Yeah, the folks at Mobilreads can get extreme. I think it's partly because they're not specifically a Kindle forum. We do tend to be fans here. . Though we welcome users of all readers. There have been some over-the-top comments about the Oasis ever since Jeff Bezos first tweeted about it and then more when it was announced.

Keep on hanging out with us!

Betsy


----------



## bordercollielady

Toby said:


> Thanks bordercollielady for mentioning the contrast issue. I'm so happy that you didn't have a problem. I'm hoping when I get mine that it won't be an issue as well. I have a June 22 date. Long wait, but I am so excited for everyone getting theirs & for sharing their excitement.


I read another 3 hours or so yesterday and I'm still in love. I really thought it would be the page turn buttons that I would love. I do love them but most of all- my eyes are SO MUCH MORE RELAXED. I have Glaucoma, get eye strain really easily and the ivory screen is wonderful. I'm thrilled. I remember feeling this way with the early Kindles, but I have had more eye strain since they started lighting the screens.


----------



## bordercollielady

fancynancy said:


> I skimmed through the pages here and didn't see a mention of the missing adaptive light sensor. It was 80% of the reason I bought the Voyage and it's my favorite Kindle feature yet. Why in the world did they leave that out? I guess people who purchased and are commenting here didn't need it? Even so, wouldn't you rather have it than not?


I turned mine off on the Voyage.. It never worked the way I expected and I ended up overriding it. So I don't miss it on the Oasis.


----------



## Atunah

I actually used the adaptive sensor on the Voyage, until recently that is. Once I had set it it basically stayed at 10-11 all the time during day inside and out. I basically trained it to never go above 11 or 12, even in sun. Can't recall now exactly. But at night with the side lamp, I would have some issues. It would go up and down from 9, the lowest trained setting to 11, depending on how I leaned to or away from the side lamp. It started to drive me nuts. 

Since its always at around 10 inside, I finally turned it off a few weeks ago. I only change it to 9 when I go to bed. I don't need any more than those 2 settings with the occasional 11 in weird outside weather. 

So I wont miss it anymore.  

I keep my light fairly low I think compared to others. I keep it low enough so that it doesn't ever have any kind of "glow", doesn't look like a lit screen. If I see that, its to high for me. But high enough so I can see and have enough contrast.


----------



## Annie

So, I left my Kindle Oasis on my bed, and at this point, I've only had it in my possession for about an hour. One of my dogs come bounding onto the bed and knocks the Kindle off the bed. Needless to say, I was freaking out, but it looks like the cover protected it.
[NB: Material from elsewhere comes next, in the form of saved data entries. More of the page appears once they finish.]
(* Let $\mathcal{G}^{kdv}$ be the Lie algebra of holomorphic maps $A$ from $\{1/\epsilon<|\lambda|<\infty\}$ to $\mathfrak{sl}(2,\mathbb{C})$ satisfying the KdV reality condition, and for $k\in\mathbb{Z}$ define the bilinear form $\langle A,B\rangle_{\Lambda_k}=\sum_i\mathrm{tr}(A_iB_{-i+k-1})$, where $A=\sum_iA_i\lambda^i$, $B=\sum_iB_i\lambda^i$. Then the restriction of $\langle\cdot,\cdot\rangle_{\Lambda_k}$ to $\mathcal{G}^{kdv}$ is degenerate if $k$ is even, and non-degenerate if $k$ is odd.
   Context: The KdV reality condition: $\overline{A(\bar\lambda)}=A(\lambda)$ and $\phi(\lambda)^{-1}A(\lambda)\phi(\lambda)=\phi(-\lambda)^{-1}A(-\lambda)\phi(-\lambda)$ with $\phi(\lambda)=\begin{pmatrix}1&\lambda\\0&1\end{pmatrix}$. The form $\langle A,B\rangle_{\Lambda_k}$ is the coefficient of $\lambda^{k-1}$ in $\mathrm{tr}(A(\lambda)B(\lambda))$, i.e. $\frac1{2\pi i}\oint\lambda^{-k}\mathrm{tr}(A(\lambda)B(\lambda))d\lambda$. *)

theory Defs
  imports "HOL-Complex_Analysis.Complex_Analysis"
begin

definition annulus :: "real \<Rightarrow> complex set" where
  "annulus eps = {z. 1 / eps < norm z}"

definition phi :: "complex \<Rightarrow> complex^2^2" where
  "phi l = (\<chi> i j. if i = j then 1 else if i = 1 \<and> j = 2 then l else 0)"

definition mat_cnj :: "complex^2^2 \<Rightarrow> complex^2^2" where
  "mat_cnj M = (\<chi> i j. cnj (M $ i $ j))"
The only damage appears to be some scuffs on the corners of the cover, but it makes a bit sad since I only had it for an hour, and I already damaged it. So for those who have pets or children, make sure you put yours somewhere safe!


----------



## cloudyvisions

Betsy the Quilter said:


> I was concerned with the color, too, after seeing some of the early pics, but fell in love with it when I saw it.
> 
> Yes, a lot of people wish the dots were back.
> 
> I can't say I ever thought about the dots much and didn't notice they were gone. And I almost never download short stories, so that's not an issue for me. I mostly want to know if it's a long book or a really long book  because I just don't download many books under 200 pages. I like long books.
> 
> But now, if I want to see how long a book is, when I first open a book, the "About the Book" opens and the length is shown--not as convenient, I agree, as the dots, but it works for me.
> 
> Also, when you go in the book, depending on your settings, it will show how long to read the book at the bottom left. And if you tap on the top of the screen to bring up the top and bottom menu, on newer books at least, it shows current loc of total locations, how much time to read the rest of the book, and how far (percentage wise) you are in the book.
> 
> Still, not as convenient, I know, as the dots. As always, I recommend that you give Amazon feedback!
> 
> Betsy


Oh trust me, I sent them an e-mail last night! I got a very, unnecessarily long reply back this morning about how they apologize and they'll pass the info along...we'll see. I think it's kinda lame to still have that space there but have it just say % done...and I have a lot of things that say "KINDLE DOCUMENT" since I sent things to my kindle via e-mail. It's like...the space is still there for it, why take it away? I don't remember people ever bitching about a bunch of dots on their screen haha

But other than that, I think I LOVE IT. I've have the K2, the Kindle keyboard, and the paperwhite, and I think this one might be the best. It's the best for left handed readers for one thing...I don't have to reach over and make sure I'm in the "next" section instead of the previous page section to turn the page. And it's so freakin' light compared to the 2012 PW! I'm really enjoying it!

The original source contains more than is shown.